■ **MATERIAL FOR THE TASK**:
BEGIN

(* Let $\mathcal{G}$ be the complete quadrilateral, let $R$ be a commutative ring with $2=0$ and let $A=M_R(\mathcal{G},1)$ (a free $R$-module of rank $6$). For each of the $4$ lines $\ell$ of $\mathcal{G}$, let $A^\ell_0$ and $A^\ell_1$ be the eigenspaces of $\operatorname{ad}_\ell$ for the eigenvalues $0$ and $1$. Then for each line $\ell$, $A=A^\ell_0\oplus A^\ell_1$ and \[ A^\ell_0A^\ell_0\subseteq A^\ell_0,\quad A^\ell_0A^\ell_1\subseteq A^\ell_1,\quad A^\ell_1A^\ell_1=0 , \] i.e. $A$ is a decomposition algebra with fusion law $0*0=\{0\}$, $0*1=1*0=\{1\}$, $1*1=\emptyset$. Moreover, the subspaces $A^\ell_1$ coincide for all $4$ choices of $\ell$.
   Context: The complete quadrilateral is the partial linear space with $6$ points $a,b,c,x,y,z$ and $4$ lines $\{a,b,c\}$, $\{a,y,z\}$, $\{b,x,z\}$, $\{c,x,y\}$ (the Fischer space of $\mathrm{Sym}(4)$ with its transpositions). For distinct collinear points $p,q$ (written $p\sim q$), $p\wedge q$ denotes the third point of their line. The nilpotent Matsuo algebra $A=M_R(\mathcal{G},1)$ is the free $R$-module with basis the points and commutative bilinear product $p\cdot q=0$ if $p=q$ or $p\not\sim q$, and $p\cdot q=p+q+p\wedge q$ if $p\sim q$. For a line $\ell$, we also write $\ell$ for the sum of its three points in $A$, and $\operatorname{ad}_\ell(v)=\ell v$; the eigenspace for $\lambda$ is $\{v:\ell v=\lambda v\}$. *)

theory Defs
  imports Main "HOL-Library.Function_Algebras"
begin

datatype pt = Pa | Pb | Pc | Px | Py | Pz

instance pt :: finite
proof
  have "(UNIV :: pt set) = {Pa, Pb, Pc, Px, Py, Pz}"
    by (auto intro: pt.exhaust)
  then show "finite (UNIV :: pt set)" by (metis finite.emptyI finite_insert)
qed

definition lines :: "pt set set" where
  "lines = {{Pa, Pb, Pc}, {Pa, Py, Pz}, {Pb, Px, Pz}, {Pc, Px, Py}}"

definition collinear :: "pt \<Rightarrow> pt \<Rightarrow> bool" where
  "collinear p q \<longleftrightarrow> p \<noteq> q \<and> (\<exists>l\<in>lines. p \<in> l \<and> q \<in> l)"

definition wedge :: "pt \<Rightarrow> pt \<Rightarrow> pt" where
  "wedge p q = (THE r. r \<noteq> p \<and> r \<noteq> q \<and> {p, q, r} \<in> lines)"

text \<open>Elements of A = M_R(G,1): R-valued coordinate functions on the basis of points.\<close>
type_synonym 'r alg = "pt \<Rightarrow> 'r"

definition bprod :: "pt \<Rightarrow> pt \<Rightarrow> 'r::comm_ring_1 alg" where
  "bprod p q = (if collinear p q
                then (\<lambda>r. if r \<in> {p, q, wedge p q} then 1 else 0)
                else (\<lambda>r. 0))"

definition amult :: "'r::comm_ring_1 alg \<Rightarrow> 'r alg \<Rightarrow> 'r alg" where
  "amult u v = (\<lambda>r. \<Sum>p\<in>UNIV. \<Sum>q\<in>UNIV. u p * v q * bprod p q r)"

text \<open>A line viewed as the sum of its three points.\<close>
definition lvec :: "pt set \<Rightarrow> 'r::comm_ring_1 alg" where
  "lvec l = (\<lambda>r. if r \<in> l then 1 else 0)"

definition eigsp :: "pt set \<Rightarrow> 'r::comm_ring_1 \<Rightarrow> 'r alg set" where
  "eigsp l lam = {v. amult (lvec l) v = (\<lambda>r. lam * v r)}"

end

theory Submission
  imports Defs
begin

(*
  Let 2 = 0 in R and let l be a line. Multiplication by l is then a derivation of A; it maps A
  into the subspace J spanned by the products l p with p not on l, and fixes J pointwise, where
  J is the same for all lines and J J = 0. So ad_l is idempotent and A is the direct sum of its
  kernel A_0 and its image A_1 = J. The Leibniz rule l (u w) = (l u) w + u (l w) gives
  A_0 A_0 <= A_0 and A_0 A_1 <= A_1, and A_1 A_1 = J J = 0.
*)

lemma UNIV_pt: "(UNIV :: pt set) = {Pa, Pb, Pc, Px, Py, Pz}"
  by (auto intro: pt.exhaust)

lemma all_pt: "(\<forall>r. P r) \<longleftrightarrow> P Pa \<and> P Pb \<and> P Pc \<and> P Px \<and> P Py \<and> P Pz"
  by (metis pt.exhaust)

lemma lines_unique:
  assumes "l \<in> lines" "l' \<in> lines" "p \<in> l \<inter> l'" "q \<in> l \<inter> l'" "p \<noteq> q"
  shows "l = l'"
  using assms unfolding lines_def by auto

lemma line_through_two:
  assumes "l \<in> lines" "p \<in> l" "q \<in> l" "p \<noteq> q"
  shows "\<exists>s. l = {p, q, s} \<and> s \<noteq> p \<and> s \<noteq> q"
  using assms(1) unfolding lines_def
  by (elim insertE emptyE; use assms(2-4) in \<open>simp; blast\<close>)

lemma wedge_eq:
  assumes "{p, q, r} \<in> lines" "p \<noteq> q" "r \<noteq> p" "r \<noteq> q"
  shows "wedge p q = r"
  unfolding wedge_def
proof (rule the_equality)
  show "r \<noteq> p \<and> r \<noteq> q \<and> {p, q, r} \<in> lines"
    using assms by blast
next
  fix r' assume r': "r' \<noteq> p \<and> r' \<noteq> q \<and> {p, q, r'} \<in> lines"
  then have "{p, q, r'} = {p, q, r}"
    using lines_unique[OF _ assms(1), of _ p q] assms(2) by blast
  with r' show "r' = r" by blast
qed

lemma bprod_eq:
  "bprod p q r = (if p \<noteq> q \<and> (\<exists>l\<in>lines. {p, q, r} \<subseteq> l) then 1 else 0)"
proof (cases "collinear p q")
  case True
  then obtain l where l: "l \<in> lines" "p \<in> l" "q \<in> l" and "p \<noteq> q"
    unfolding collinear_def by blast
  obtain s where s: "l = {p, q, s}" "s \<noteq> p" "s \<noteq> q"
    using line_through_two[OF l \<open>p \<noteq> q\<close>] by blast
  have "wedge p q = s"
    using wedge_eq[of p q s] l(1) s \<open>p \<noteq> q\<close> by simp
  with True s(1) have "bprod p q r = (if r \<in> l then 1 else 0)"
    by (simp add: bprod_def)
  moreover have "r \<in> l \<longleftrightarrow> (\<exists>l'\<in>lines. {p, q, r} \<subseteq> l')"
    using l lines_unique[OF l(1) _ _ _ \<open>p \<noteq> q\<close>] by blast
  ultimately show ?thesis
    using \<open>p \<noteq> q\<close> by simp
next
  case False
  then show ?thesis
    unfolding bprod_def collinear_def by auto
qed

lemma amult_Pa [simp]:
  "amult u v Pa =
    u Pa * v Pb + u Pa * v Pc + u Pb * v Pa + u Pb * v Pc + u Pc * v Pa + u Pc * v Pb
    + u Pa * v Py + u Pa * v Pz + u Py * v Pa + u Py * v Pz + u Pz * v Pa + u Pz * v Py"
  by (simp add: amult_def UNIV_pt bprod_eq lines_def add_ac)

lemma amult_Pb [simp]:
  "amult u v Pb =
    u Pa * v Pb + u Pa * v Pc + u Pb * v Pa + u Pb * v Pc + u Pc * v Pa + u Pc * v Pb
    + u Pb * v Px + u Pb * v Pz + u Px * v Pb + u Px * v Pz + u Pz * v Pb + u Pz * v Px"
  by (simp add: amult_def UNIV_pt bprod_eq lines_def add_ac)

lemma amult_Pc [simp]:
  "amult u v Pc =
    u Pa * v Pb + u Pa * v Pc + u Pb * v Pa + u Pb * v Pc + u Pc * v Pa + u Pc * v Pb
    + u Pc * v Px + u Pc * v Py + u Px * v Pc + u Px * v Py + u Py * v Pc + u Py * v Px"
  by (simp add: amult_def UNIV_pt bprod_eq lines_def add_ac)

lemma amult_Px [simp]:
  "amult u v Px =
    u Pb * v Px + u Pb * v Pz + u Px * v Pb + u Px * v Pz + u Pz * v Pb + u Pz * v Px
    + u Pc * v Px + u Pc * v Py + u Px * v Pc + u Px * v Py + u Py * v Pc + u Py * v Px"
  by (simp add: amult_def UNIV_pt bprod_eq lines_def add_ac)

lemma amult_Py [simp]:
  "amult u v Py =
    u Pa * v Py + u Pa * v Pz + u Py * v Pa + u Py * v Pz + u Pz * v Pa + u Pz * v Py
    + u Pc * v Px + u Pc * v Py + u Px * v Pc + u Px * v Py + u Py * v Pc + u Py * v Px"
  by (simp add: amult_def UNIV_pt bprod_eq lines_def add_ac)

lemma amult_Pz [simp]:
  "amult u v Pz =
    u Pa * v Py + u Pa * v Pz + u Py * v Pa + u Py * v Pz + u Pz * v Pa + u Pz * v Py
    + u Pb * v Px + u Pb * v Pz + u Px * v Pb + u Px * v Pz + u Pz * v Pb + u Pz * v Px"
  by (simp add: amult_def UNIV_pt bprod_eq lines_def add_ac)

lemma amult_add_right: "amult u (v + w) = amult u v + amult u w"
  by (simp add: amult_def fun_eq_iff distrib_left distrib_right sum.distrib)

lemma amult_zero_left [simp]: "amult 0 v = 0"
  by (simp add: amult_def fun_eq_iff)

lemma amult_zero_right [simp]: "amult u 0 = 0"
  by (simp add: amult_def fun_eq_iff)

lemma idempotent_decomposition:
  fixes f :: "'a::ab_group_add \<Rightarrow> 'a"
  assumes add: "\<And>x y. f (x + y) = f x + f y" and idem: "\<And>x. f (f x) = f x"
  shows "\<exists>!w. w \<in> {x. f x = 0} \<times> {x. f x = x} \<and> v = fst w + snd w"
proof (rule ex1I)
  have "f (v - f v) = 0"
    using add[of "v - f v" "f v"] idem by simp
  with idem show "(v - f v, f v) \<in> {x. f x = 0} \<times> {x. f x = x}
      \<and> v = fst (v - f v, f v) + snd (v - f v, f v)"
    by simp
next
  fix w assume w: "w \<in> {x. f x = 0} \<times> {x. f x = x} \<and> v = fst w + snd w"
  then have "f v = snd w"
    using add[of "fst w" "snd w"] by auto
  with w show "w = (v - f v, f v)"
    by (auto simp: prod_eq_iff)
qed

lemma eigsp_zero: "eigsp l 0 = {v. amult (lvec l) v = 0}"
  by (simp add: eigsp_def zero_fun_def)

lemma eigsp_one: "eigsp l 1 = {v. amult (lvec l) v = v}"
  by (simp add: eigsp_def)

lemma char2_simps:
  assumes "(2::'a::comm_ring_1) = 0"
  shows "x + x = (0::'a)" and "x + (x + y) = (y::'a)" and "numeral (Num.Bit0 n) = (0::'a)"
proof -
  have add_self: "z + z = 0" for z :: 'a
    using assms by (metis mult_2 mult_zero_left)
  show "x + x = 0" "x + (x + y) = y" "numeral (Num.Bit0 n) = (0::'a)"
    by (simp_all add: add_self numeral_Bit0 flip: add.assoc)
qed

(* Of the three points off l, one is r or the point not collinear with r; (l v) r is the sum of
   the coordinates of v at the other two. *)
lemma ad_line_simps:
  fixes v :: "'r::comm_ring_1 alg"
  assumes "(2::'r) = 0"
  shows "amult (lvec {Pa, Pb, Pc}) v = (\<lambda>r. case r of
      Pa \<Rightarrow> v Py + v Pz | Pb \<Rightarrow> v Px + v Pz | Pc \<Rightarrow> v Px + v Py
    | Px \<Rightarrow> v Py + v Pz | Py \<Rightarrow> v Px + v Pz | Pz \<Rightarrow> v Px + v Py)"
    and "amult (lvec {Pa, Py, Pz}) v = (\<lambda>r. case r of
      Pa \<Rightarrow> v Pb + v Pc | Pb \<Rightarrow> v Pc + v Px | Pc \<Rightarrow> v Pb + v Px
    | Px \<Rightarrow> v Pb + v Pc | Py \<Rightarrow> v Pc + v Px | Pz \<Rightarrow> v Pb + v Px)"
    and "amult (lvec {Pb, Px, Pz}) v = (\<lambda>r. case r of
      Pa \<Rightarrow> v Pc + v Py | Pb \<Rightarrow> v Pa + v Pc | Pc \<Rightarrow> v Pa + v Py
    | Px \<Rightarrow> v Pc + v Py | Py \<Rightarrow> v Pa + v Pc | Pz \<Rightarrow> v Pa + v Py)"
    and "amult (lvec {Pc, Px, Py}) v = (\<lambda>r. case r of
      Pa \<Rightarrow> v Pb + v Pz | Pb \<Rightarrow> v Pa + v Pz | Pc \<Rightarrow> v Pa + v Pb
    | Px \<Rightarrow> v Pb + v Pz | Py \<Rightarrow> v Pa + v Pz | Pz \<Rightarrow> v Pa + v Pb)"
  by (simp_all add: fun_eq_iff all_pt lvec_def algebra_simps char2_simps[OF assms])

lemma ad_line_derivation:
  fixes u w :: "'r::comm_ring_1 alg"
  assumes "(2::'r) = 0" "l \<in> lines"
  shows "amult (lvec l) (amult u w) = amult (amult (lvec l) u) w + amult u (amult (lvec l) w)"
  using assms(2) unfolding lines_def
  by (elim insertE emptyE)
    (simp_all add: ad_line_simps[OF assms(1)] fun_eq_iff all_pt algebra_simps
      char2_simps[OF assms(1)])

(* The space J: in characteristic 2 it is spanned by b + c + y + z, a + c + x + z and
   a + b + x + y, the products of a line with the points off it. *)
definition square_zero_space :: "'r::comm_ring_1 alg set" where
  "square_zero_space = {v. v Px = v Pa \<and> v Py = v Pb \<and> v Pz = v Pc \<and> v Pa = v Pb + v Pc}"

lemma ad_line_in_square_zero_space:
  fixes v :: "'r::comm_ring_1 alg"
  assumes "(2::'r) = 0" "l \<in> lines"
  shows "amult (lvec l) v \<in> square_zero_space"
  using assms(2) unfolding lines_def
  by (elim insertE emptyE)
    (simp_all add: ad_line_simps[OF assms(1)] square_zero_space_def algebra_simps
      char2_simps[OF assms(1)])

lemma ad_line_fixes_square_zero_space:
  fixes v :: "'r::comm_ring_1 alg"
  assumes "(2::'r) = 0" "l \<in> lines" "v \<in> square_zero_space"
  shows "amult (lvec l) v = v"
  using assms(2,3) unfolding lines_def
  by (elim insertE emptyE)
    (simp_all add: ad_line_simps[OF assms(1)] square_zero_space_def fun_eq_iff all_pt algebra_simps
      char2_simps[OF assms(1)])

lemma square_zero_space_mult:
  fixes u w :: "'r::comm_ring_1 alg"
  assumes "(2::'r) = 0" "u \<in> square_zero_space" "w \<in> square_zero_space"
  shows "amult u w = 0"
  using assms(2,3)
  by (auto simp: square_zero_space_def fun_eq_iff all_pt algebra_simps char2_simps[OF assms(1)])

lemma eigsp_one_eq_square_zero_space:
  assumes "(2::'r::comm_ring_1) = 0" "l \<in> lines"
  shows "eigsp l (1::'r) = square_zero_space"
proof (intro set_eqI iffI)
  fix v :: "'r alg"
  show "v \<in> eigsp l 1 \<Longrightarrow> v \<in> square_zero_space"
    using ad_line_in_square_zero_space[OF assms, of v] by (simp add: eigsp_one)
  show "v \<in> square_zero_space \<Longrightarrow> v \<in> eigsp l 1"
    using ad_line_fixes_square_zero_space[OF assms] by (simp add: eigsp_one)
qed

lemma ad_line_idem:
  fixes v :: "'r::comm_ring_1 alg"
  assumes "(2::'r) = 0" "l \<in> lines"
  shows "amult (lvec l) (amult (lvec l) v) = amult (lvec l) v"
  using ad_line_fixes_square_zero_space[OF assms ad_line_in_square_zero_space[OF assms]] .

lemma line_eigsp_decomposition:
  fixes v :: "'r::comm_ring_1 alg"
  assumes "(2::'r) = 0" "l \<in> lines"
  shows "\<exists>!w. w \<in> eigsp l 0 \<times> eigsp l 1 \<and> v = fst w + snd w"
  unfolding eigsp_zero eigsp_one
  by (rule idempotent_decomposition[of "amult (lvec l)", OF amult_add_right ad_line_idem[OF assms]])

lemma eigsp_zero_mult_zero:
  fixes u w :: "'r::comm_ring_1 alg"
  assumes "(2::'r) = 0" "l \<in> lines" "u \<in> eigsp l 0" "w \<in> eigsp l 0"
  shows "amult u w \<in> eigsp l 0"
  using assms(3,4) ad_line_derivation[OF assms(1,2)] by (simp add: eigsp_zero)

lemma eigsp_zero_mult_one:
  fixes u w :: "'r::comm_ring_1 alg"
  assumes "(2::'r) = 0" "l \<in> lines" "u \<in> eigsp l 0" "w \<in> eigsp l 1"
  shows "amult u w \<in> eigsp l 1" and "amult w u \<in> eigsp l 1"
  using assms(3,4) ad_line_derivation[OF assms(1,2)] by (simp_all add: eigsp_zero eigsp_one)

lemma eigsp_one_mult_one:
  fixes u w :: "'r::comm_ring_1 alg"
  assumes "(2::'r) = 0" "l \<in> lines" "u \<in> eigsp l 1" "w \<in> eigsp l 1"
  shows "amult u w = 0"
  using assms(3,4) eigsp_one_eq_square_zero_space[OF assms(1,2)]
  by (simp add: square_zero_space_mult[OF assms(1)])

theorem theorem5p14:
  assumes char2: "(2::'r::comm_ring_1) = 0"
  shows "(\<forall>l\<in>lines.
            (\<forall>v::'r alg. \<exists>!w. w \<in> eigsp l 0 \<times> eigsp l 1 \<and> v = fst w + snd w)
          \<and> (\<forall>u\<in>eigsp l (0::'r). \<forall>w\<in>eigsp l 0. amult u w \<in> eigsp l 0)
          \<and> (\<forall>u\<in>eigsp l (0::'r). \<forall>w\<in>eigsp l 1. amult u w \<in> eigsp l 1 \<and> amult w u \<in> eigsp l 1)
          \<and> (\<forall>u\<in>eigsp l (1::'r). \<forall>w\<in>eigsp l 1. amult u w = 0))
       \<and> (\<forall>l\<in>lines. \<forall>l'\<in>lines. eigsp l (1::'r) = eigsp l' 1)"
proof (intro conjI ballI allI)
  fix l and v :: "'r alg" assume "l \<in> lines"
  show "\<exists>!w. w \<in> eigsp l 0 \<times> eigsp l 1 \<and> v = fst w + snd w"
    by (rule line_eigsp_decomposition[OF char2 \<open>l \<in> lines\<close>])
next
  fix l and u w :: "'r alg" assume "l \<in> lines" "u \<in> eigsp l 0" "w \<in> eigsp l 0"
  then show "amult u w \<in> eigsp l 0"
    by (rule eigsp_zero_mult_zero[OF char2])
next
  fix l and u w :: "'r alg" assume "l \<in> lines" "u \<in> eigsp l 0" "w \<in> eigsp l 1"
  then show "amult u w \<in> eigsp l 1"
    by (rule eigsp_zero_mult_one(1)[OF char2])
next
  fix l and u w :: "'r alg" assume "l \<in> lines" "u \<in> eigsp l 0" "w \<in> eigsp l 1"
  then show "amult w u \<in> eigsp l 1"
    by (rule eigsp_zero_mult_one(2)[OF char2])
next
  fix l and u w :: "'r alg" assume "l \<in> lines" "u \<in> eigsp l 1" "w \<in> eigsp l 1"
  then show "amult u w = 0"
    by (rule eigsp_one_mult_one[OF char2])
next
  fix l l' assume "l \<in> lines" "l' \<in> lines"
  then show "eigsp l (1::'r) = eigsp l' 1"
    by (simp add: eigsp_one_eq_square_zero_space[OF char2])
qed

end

END

■ **WORK TO COMPLETE**: Where does the word "spanned" appear in the listing? List each line that holds it.

■ **TASK RESULT**:
  into the subspace J spanned by the products l p with p not on l, and fixes J pointwise, where
(* The space J: in characteristic 2 it is spanned by b + c + y + z, a + c + x + z and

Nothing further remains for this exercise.